Tinkling bells, crinkly sounds and squeaks are all loved and catnip-scented toys appeal to most cats. Textures can include plastic, rubber, cardboard, feathers and different fabrics for cats to dig their claws into. You can also give your cat a sensory experience with foliage, artificial grass, soft mats, soil, fabrics and wooden areas.
An indoor cat will not get to experience everything that an outdoor cat enjoys such as climbing trees and eating foliage, but you can still make sure their senses are enriched by adapting the above tips and including some of the following ideas given by our Cattery team!
Greenery like grass can be beneficial for cats because it helps with digestion. We grow catnip, cat mint, and wheat grass indoors on the cattery for the cats to nibble on and play with during spring and summer, and throughout the year.
Indoor window boxes are a great idea, but make sure any foliage is safe before introducing it to the home. Check our here to see what plants are safe for cats as many are toxic.
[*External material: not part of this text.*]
(* Let $S_L\dot\cup S_R=\{1,\dots,d\}$ be an ordered partition, and for $\boldsymbol m\in\mathbb Z^d$ let $\tilde m_j=m_j$ if $j\in S_L$, $\tilde m_j=-m_j$ if $j\in S_R$. (1) For a finite $\mathcal F\subset\mathbb Z^d$ and $A_{\boldsymbol m}=Z_{\boldsymbol m}+W_{\boldsymbol m}\mathbf j\in\mathbb H^{m\times n}$ ($Z_{\boldsymbol m},W_{\boldsymbol m}\in\mathbb C_{\mathbf i}^{m\times n}$), the sandwich polynomial $p^{(S_L,S_R)}(\boldsymbol\theta)=\sum_{\boldsymbol m\in\mathcal F}e^{-\mathbf i\langle\boldsymbol m,\boldsymbol\theta\rangle_{S_L}}A_{\boldsymbol m}e^{-\mathbf i\langle\boldsymbol m,\boldsymbol\theta\rangle_{S_R}}$ satisfies $$p^{(S_L,S_R)}(\boldsymbol\theta)=\sum_{\boldsymbol m\in\mathcal F}\Bigl(Z_{\boldsymbol m}e^{-\mathbf i\langle\boldsymbol m,\boldsymbol\theta\rangle}+W_{\boldsymbol m}e^{-\mathbf i\langle\tilde{\boldsymbol m},\boldsymbol\theta\rangle}\mathbf j\Bigr).$$ (2) For $F=Z+W\mathbf j\in L^1(\mathbb T^d;\mathbb H^{m\times n})$ with $Z,W:\mathbb T^d\to\mathbb C_{\mathbf i}^{m\times n}$, one has $\widehat F^{(S_L,S_R)}(\boldsymbol m)=\widehat Z(\boldsymbol m)+\widehat W(\tilde{\boldsymbol m})\mathbf j$ for all $\boldsymbol m$, where $\widehat Z,\widehat W$ are the usual complex Fourier coefficients. (3) In particular $\widehat F_{\mathrm L}(\boldsymbol m)=\overline{\widehat{\overline F}_{\mathrm R}(-\boldsymbol m)}$, where $\overline{\,\cdot\,}$ denotes entrywise quaternion conjugation.
   Context: $\mathbb H$ is the quaternion algebra with units $\mathbf i,\mathbf j,\mathbf k=\mathbf i\mathbf j$; $\mathbb C_{\mathbf i}=\operatorname{span}_{\mathbb R}\{1,\mathbf i\}\cong\mathbb C$; quaternion conjugation is $\overline{q_0+q_1\mathbf i+q_2\mathbf j+q_3\mathbf k}=q_0-q_1\mathbf i-q_2\mathbf j-q_3\mathbf k$. $\mathbb T^d=[-\pi,\pi)^d$; $\langle\boldsymbol m,\boldsymbol\theta\rangle_S=\sum_{j\in S}m_j\theta_j$ and $\langle\boldsymbol m,\boldsymbol\theta\rangle=\sum_{j=1}^dm_j\theta_j$. Sandwich Fourier coefficients: $\widehat F^{(S_L,S_R)}(\boldsymbol m)=(2\pi)^{-d}\int_{\mathbb T^d}e^{-\mathbf i\langle\boldsymbol m,\boldsymbol\theta\rangle_{S_L}}F(\boldsymbol\theta)e^{-\mathbf i\langle\boldsymbol m,\boldsymbol\theta\rangle_{S_R}}d\boldsymbol\theta$. The left coefficient $\widehat F_{\mathrm L}$ is the case $S_L=\{1,\dots,d\},S_R=\varnothing$, the right coefficient $\widehat F_{\mathrm R}$ the case $S_L=\varnothing,S_R=\{1,\dots,d\}$. Complex Fourier coefficients: $\widehat G(\boldsymbol k)=(2\pi)^{-d}\int G(\boldsymbol\theta)e^{-\mathbf i\langle\boldsymbol k,\boldsymbol\theta\rangle}d\boldsymbol\theta$. *)

theory Defs
  imports "HOL-Analysis.Analysis"
begin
Let your indoor kitty enjoy watching nature’s playground by hanging bird feeders near windows for them to sit and watch from indoors. Keep an eye on your cat’s behaviour though, as some can become frustrated that they can’t catch the bird, so move the feeders out of kitty’s sight if this happens.
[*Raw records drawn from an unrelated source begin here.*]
lemma mult3_assoc: "mult3 N (mult3 N A B) C = mult3 N A (mult3 N B C)"
proof (intro ext)
  fix i j
  have "(\<Sum>k\<in>idx3 N. (\<Sum>l\<in>idx3 N. A i l * B l k) * C k j)
      = (\<Sum>l\<in>idx3 N. \<Sum>k\<in>idx3 N. A i l * B l k * C k j)"
    by (simp add: sum_distrib_right) (rule sum.swap)
  also have "\<dots> = (\<Sum>l\<in>idx3 N. A i l * (\<Sum>k\<in>idx3 N. B l k * C k j))"
    by (simp add: sum_distrib_left mult.assoc)
  finally show "mult3 N (mult3 N A B) C i j = mult3 N A (mult3 N B C) i j"
    unfolding mult3_def .
qed

lemma mult3_mult3_cong:
  assumes "i \<in> idx3 N"
    and "\<forall>k\<in>idx3 N. A k = A' k" "\<forall>k\<in>idx3 N. B k = B' k" "\<forall>k\<in>idx3 N. C k = C' k"
  shows "mult3 N (mult3 N A B) C i j = mult3 N (mult3 N A' B') C' i j"
  using assms by (simp add: mult3_def)

lemma finite_idx2 [simp]: "finite (idx2 N)"
  by (simp add: idx2_def)

lemma mult2_one2_right:
  assumes "j \<in> idx2 N"
  shows "mult2 N A one2 i j = A i j"
proof -
  have "(\<Sum>k\<in>idx2 N. A i k * one2 k j) = (\<Sum>k\<in>idx2 N. if k = j then A i k else 0)"
    by (intro sum.cong) (auto simp: one2_def)
  then show ?thesis using assms by (simp add: mult2_def)
qed

lemma mult2_one2_left:
  assumes "i \<in> idx2 N"
  shows "mult2 N one2 A i j = A i j"
proof -
  have "(\<Sum>k\<in>idx2 N. one2 i k * A k j) = (\<Sum>k\<in>idx2 N. if k = i then A k j else 0)"
    by (intro sum.cong) (auto simp: one2_def)
  then show ?thesis using assms by (simp add: mult2_def)
qed

lemma inv2_eqI:
  assumes B_zero: "\<And>i j. i \<notin> idx2 N \<or> j \<notin> idx2 N \<Longrightarrow> B i j = 0"
    and AB: "\<And>i j. i \<in> idx2 N \<Longrightarrow> j \<in> idx2 N \<Longrightarrow> mult2 N A B i j = one2 i j"
    and BA: "\<And>i j. i \<in> idx2 N \<Longrightarrow> j \<in> idx2 N \<Longrightarrow> mult2 N B A i j = one2 i j"
  shows "inv2 N A = B"
  unfolding inv2_def
proof (rule the_equality)
  fix C
  assume C: "(\<forall>i j. (i \<notin> idx2 N \<or> j \<notin> idx2 N) \<longrightarrow> C i j = 0) \<and>
      (\<forall>i\<in>idx2 N. \<forall>j\<in>idx2 N. mult2 N A C i j = one2 i j \<and> mult2 N C A i j = one2 i j)"
  show "C = B"
  proof (intro ext)
    fix i j
    show "C i j = B i j"
    proof (cases "i \<in> idx2 N \<and> j \<in> idx2 N")
      case True
      have "C i j = mult2 N C one2 i j"
        using True by (simp add: mult2_one2_right)
      also have "\<dots> = mult2 N C (mult2 N A B) i j"
        using True AB by (simp add: mult2_def[of N C])
      also have "\<dots> = mult2 N (mult2 N C A) B i j"
        by (simp add: mult2_assoc)
      also have "\<dots> = mult2 N one2 B i j"
        using True C by (simp add: mult2_def[of N _ B])
      also have "\<dots> = B i j"
        using True by (simp add: mult2_one2_left)
      finally show ?thesis .
    next
      case False
      then have "i \<notin> idx2 N \<or> j \<notin> idx2 N" by blast
      then have "B i j = 0" "C i j = 0" using B_zero C by blast+
      then show ?thesis by simp
    qed
  qed
qed (use assms in blast)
Multi-level resting areas are particularly important for indoor cats. Shelves can easily be mounted on walls and perches can be set up at windowsills and bookcases. This can also be applied to gardens to make it more exciting for outdoor cats to explore. Offer your cat a shaded area to retreat to and play in when temperatures get too hot.
The sensory garden in our kennels can help dogs become more secure in their surroundings and provide additional stimulation on a daily basis during their time with us.
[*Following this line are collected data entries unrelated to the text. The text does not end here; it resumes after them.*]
(* Let $T,\ell$ be positive integers, $\sigma\in(0,1]$, $w\in(0,1]$ and $\delta\in(0,1)$. Let $\mathcal{J}$ be the set of all intervals of width at most $w$ contained in $[0,1]$. For $i\in[T]$, $j\in[\ell]$ let $d_{i,j}$ be drawn from a $T\ell$-step adaptive sequence of $\sigma$-smooth distributions over $[0,1]$. Then with probability at least $1-\delta$, $$\max_{J\in\mathcal{J}}\sum_{i\in[T],\,j\in[\ell]}\mathbb{I}[d_{i,j}\in J]<\frac{T\ell w}{\sigma}\ln\!\left(\frac{2T\ell}{\delta}\right)+10\sqrt{\frac{T\ell w}{\sigma}\ln\!\left(\frac{2T\ell}{\delta}\right)\ln\!\left(\frac1\delta\right)}+10\log\!\left(\frac{10T\ell\log(2T\ell/\delta)}{\sigma\delta}\right).$$
   Context: A distribution $\mu$ on $[0,1]$ is $\sigma$-smooth if $\mu(A)\le\mathcal{U}(A)/\sigma$ for all measurable $A$, where $\mathcal{U}$ is the uniform distribution on $[0,1]$. A $T\ell$-step adaptive sequence of $\sigma$-smooth distributions generates the $T\ell$ points one at a time, each drawn from a $\sigma$-smooth distribution chosen as a function of the previously realized points. *)

theory Defs
  imports "HOL-Probability.Probability"
begin

abbreviation pts :: "nat \<Rightarrow> (nat \<Rightarrow> real) measure" where
  "pts n \<equiv> PiM {..<n} (\<lambda>_. borel)"

definition unif01 :: "real set \<Rightarrow> real" where
  "unif01 A = measure lborel (A \<inter> {0..1})"

text \<open>A probability distribution mu on the reals is sigma-smooth w.r.t. the uniform
  distribution on [0,1]: mu(A) <= U(A)/sigma for all Borel A (this forces mu([0,1]) = 1).\<close>
definition smooth :: "real \<Rightarrow> real measure \<Rightarrow> bool" where
  "smooth \<sigma> \<mu> \<longleftrightarrow> prob_space \<mu> \<and> sets \<mu> = sets borel \<and>
     (\<forall>A \<in> sets borel. measure \<mu> A \<le> unif01 A / \<sigma>)"

text \<open>An adaptive kernel: step k chooses, measurably in the previously realised points
  (a function on indices < k), a sigma-smooth distribution.\<close>
definition adaptive_smooth :: "real \<Rightarrow> nat \<Rightarrow> (nat \<Rightarrow> (nat \<Rightarrow> real) \<Rightarrow> real measure) \<Rightarrow> bool" where
  "adaptive_smooth \<sigma> n K \<longleftrightarrow> (\<forall>k<n.
      K k \<in> measurable (pts k) (subprob_algebra borel) \<and>
      (\<forall>f \<in> space (pts k). smooth \<sigma> (K k f)))"

fun adaptive_seq :: "(nat \<Rightarrow> (nat \<Rightarrow> real) \<Rightarrow> real measure) \<Rightarrow> nat \<Rightarrow> (nat \<Rightarrow> real) measure" where
  "adaptive_seq K 0 = return (pts 0) (\<lambda>_. undefined)"
| "adaptive_seq K (Suc k) =
     bind (adaptive_seq K k) (\<lambda>f. bind (K k f) (\<lambda>x. return (pts (Suc k)) (f(k := x))))"

text \<open>Intervals of width at most w contained in [0,1] (any endpoint type, possibly empty).\<close>
definition intervals_width :: "real \<Rightarrow> real set set" where
  "intervals_width w = {J. is_interval J \<and> J \<subseteq> {0..1} \<and> (\<exists>a. J \<subseteq> {a..a+w})}"

end

theory Submission
  imports Defs
begin

(* Let h = w/16. The windows [k h, k h + w + h], k <= 1/h, are at most 32/w in number, and every
   interval of width w inside [0,1] lies in one of them. Whatever the past, the next point falls into
   a fixed window with probability at most p = 17 w / (16 sigma), so peeling off the last point gives
   E exp(t * hits) <= (1 + (e^t - 1) p)^n <= exp((e^t - 1) p n) for the number of hits of the window.
   Chernoff's bound and a union bound over the windows bound the failure probability by
   (32/w) exp(-t R + (e^t - 1) * 17 n w / (16 sigma)), which is at most delta for t = 1/4 when
   n w / sigma >= 1 and for t = 1 - ln(n w / sigma) otherwise. *)

section \<open>Adaptive sequences of smooth distributions\<close>

definition adaptive_step ::
    "(nat \<Rightarrow> (nat \<Rightarrow> real) \<Rightarrow> real measure) \<Rightarrow> nat \<Rightarrow> (nat \<Rightarrow> real) \<Rightarrow> (nat \<Rightarrow> real) measure" where
  "adaptive_step K k f = K k f \<bind> (\<lambda>x. return (pts (Suc k)) (f(k := x)))"

lemma adaptive_seq_Suc_step: "adaptive_seq K (Suc k) = adaptive_seq K k \<bind> adaptive_step K k"
  by (simp add: adaptive_step_def[abs_def])

lemma measurable_fun_upd_pts: "(\<lambda>p. (fst p)(k := snd p)) \<in> pts k \<Otimes>\<^sub>M borel \<rightarrow>\<^sub>M pts (Suc k)"
  by (rule measurable_fun_upd[where J="{..<k}"]) (auto simp: lessThan_Suc)

lemma measurable_fun_upd_pts_point:
  "f \<in> space (pts k) \<Longrightarrow> (\<lambda>x. f(k := x)) \<in> borel \<rightarrow>\<^sub>M pts (Suc k)"
  by (rule measurable_fun_upd[where J="{..<k}"]) (auto simp: lessThan_Suc)

lemma adaptive_step_measurable:
  assumes "adaptive_smooth \<sigma> n K" "k < n"
  shows "adaptive_step K k \<in> pts k \<rightarrow>\<^sub>M prob_algebra (pts (Suc k))"
proof (rule measurable_prob_algebraI)
  have K: "K k \<in> pts k \<rightarrow>\<^sub>M subprob_algebra borel"
    and smooth: "\<And>f. f \<in> space (pts k) \<Longrightarrow> smooth \<sigma> (K k f)"
    using assms unfolding adaptive_smooth_def by auto
  show "adaptive_step K k \<in> pts k \<rightarrow>\<^sub>M subprob_algebra (pts (Suc k))"
    unfolding adaptive_step_def
    by (rule measurable_bind[OF K measurable_compose[OF measurable_fun_upd_pts return_measurable]])
  fix f assume f: "f \<in> space (pts k)"
  show "prob_space (adaptive_step K k f)"
    unfolding adaptive_step_def
  proof (rule prob_space_bind')
    show "K k f \<in> space (prob_algebra borel)"
      using smooth[OF f] by (simp add: space_prob_algebra smooth_def)
    show "(\<lambda>x. return (pts (Suc k)) (f(k := x))) \<in> borel \<rightarrow>\<^sub>M prob_algebra (pts (Suc k))"
      by (rule measurable_compose[OF measurable_fun_upd_pts_point[OF f] measurable_return_prob_space])
  qed
qed

lemma adaptive_seq_in_prob_algebra:
  assumes "adaptive_smooth \<sigma> n K" "m \<le> n"
  shows "adaptive_seq K m \<in> space (prob_algebra (pts m))"
  using assms(2)
proof (induction m)
  case 0
  show ?case by (auto simp: space_prob_algebra intro!: prob_space_return)
next
  case (Suc m)
  then have IH: "adaptive_seq K m \<in> space (prob_algebra (pts m))" by simp
  have step: "adaptive_step K m \<in> pts m \<rightarrow>\<^sub>M prob_algebra (pts (Suc m))"
    using adaptive_step_measurable[OF assms(1)] Suc.prems by simp
  show ?case
    unfolding adaptive_seq_Suc_step space_prob_algebra
    using prob_space_bind'[OF IH step] sets_bind'[OF IH step] by simp
qed

lemma
  assumes "adaptive_smooth \<sigma> n K" "m \<le> n"
  shows prob_space_adaptive_seq: "prob_space (adaptive_seq K m)"
    and sets_adaptive_seq: "sets (adaptive_seq K m) = sets (pts m)"
  using adaptive_seq_in_prob_algebra[OF assms] by (simp_all add: space_prob_algebra)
Dogs love nothing more than having a sniff about. There is a variety of scented plants which have a beneficial effect that you’ll see in our Sensory Garden this summer. Numerous plants have a calming effect on anxious dogs including Catnip, Hops, Lavender, Mimulus, Valerian and Violets are particularly effective.
Chamomile is great for dogs suffering from anxiety or skin/stomach upsets and Marshmallow is known to help animals with delicate stomachs.
Why not try growing some of these in your own garden for your dog to enjoy this spring? For a whole list of suitable plants and their benefits visit here.
Toys, activity tables and games such as a log with treats hidden in it provide mental stimulation and enjoyment and are things you can easily make at home for your pooch to spend hours playing with.
Interactive toys (also called enrichment dog toys) such as a Kong or Buster Cube are available to buy in most pet shops and online. You can fill these toys with treats for your pooch for them to work to get them out, providing mental stimulation and a fun way to get food. It’s easy to make a DIY alternative by popping your dog’s favourite treat into a clear plastic water bottle with some holes cut in the sides for the treats to fall out of. Keep the cap off this homemade toy to make sure your dog is safe from choking.
Often dogs like digging, so if you don’t have a lawn (or do and want to keep it hole free!) then why not build a sand pit for your dog to play and bury his toys in?
A solar-powered fountain for your doggy to drink from and wooden wind chimes provide soothing and relaxing sounds for the dogs to listen to. Non-invasive sounds like these have a calming effect, making the dog feel at ease and reducing stress levels.
An area of astro-turf and a wooden bark trough of water provide different and interesting things for the dogs to sniff, feel and touch and a paddling pool is a great way for your dog to play and cool off in the summer time!
Don’t forget to provide a shaded spot for your dog to cool down in and escape from the sun and offer your pet a good supply of drinking water in a weighted bowl that can’t be knocked over.
We hope you enjoy making your own sensory delight for your dog in your garden this summer!